● WHAT YOU SHOULD DO
Read the records beneath this task and copy every line that contains the string "where".

[Entries taken from a collection]
=== Section Start ===

(* Let $(H,+,\circ)$ be a commutative multiplicative hyperring with identity $1$, and let $P$ be a nonzero sdf-absorbing $\mathcal{C}$-hyperideal of $H$. Then $\mathrm{rad}(P)=P$.
   Context: A commutative multiplicative hyperring $(H,+,\circ)$ consists of an abelian group $(H,+)$ and a hyperoperation $\circ: H\times H\to P^*(H)$ (nonempty subsets) which is associative ($\bigcup_{a\in y\circ z}x\circ a=\bigcup_{b\in x\circ y}b\circ z$), commutative, satisfies $x\circ(y+z)\subseteq x\circ y+x\circ z$ and $x\circ(-y)=-(x\circ y)=(-x)\circ y$. For subsets $A,B$, $A\circ B=\bigcup_{a\in A,b\in B}a\circ b$ and $A\pm B=\{a\pm b: a\in A,b\in B\}$; $x^n=x\circ\cdots\circ x$ ($n$ factors). An identity $1$ satisfies $x\in x\circ 1$ for all $x$. A hyperideal is a nonempty $P\subseteq H$ with $x-y\in P$ and $r\circ x\subseteq P$ for all $x,y\in P$, $r\in H$. A proper hyperideal $P$ is prime if $x\circ y\subseteq P$ implies $x\in P$ or $y\in P$; $\mathrm{rad}(P)$ is the intersection of all prime hyperideals containing $P$ ($\mathrm{rad}(P)=H$ if there are none). Let $\mathcal{C}=\{c_1\circ\cdots\circ c_n: c_i\in H, n\in\mathbb{N}\}$; a hyperideal $P$ is a $\mathcal{C}$-hyperideal if for every $C\in\mathcal{C}$, $C\cap P\neq\varnothing$ implies $C\subseteq P$. A proper hyperideal $P$ is sdf-absorbing if whenever $0\neq x,y\in H$ and $x^2-y^2\subseteq P$, then $x-y\in P$ or $x+y\in P$. *)

theory Defs
  imports Main
begin

text \<open>The additive abelian group (H,+) is the ambient type 'a :: ab_group_add
  (so H = UNIV); the hyperoperation is hm :: 'a => 'a => 'a set.\<close>

definition set_mult :: "('a \<Rightarrow> 'a \<Rightarrow> 'a set) \<Rightarrow> 'a set \<Rightarrow> 'a set \<Rightarrow> 'a set" where
  "set_mult hm A B = (\<Union>a\<in>A. \<Union>b\<in>B. hm a b)"

definition set_plus :: "'a::ab_group_add set \<Rightarrow> 'a set \<Rightarrow> 'a set" where
  "set_plus A B = {a + b | a b. a \<in> A \<and> b \<in> B}"

definition set_minus :: "'a::ab_group_add set \<Rightarrow> 'a set \<Rightarrow> 'a set" where
  "set_minus A B = {a - b | a b. a \<in> A \<and> b \<in> B}"

definition comm_mult_hyperring :: "('a::ab_group_add \<Rightarrow> 'a \<Rightarrow> 'a set) \<Rightarrow> bool" where
  "comm_mult_hyperring hm \<longleftrightarrow>
     (\<forall>x y. hm x y \<noteq> {}) \<and>
     (\<forall>x y z. (\<Union>a\<in>hm y z. hm x a) = (\<Union>b\<in>hm x y. hm b z)) \<and>
     (\<forall>x y. hm x y = hm y x) \<and>
     (\<forall>x y z. hm x (y + z) \<subseteq> set_plus (hm x y) (hm x z)) \<and>
     (\<forall>x y. hm x (- y) = uminus ` (hm x y) \<and> uminus ` (hm x y) = hm (- x) y)"

definition has_identity :: "('a \<Rightarrow> 'a \<Rightarrow> 'a set) \<Rightarrow> bool" where
  "has_identity hm \<longleftrightarrow> (\<exists>one. \<forall>x. x \<in> hm x one)"

fun hprod :: "('a \<Rightarrow> 'a \<Rightarrow> 'a set) \<Rightarrow> 'a list \<Rightarrow> 'a set" where
  "hprod hm [] = {}"
| "hprod hm [c] = {c}"
| "hprod hm (c # cs) = set_mult hm {c} (hprod hm cs)"

definition hyperideal :: "('a::ab_group_add \<Rightarrow> 'a \<Rightarrow> 'a set) \<Rightarrow> 'a set \<Rightarrow> bool" where
  "hyperideal hm P \<longleftrightarrow> P \<noteq> {} \<and> (\<forall>x\<in>P. \<forall>y\<in>P. x - y \<in> P) \<and> (\<forall>r. \<forall>x\<in>P. hm r x \<subseteq> P)"

definition prime_hyperideal :: "('a::ab_group_add \<Rightarrow> 'a \<Rightarrow> 'a set) \<Rightarrow> 'a set \<Rightarrow> bool" where
  "prime_hyperideal hm P \<longleftrightarrow> hyperideal hm P \<and> P \<noteq> UNIV \<and>
     (\<forall>x y. hm x y \<subseteq> P \<longrightarrow> x \<in> P \<or> y \<in> P)"

text \<open>Intersection of all primes containing P; the empty intersection is UNIV = H.\<close>
definition hrad :: "('a::ab_group_add \<Rightarrow> 'a \<Rightarrow> 'a set) \<Rightarrow> 'a set \<Rightarrow> 'a set" where
  "hrad hm P = \<Inter> {Q. prime_hyperideal hm Q \<and> P \<subseteq> Q}"

definition C_class :: "('a \<Rightarrow> 'a \<Rightarrow> 'a set) \<Rightarrow> 'a set set" where
  "C_class hm = {hprod hm cs | cs. cs \<noteq> []}"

=== Section End ===

● EXERCISE RESULT
definition set_mult :: "('a \<Rightarrow> 'a \<Rightarrow> 'a set) \<Rightarrow> 'a set \<Rightarrow> 'a set \<Rightarrow> 'a set" where
definition set_plus :: "'a::ab_group_add set \<Rightarrow> 'a set \<Rightarrow> 'a set" where
definition set_minus :: "'a::ab_group_add set \<Rightarrow> 'a set \<Rightarrow> 'a set" where
definition comm_mult_hyperring :: "('a::ab_group_add \<Rightarrow> 'a \<Rightarrow> 'a set) \<Rightarrow> bool" where
definition has_identity :: "('a \<Rightarrow> 'a \<Rightarrow> 'a set) \<Rightarrow> bool" where
fun hprod :: "('a \<Rightarrow> 'a \<Rightarrow> 'a set) \<Rightarrow> 'a list \<Rightarrow> 'a set" where
definition hyperideal :: "('a::ab_group_add \<Rightarrow> 'a \<Rightarrow> 'a set) \<Rightarrow> 'a set \<Rightarrow> bool" where
definition prime_hyperideal :: "('a::ab_group_add \<Rightarrow> 'a \<Rightarrow> 'a set) \<Rightarrow> 'a set \<Rightarrow> bool" where
definition hrad :: "('a::ab_group_add \<Rightarrow> 'a \<Rightarrow> 'a set) \<Rightarrow> 'a set \<Rightarrow> 'a set" where
definition C_class :: "('a \<Rightarrow> 'a \<Rightarrow> 'a set) \<Rightarrow> 'a set set" where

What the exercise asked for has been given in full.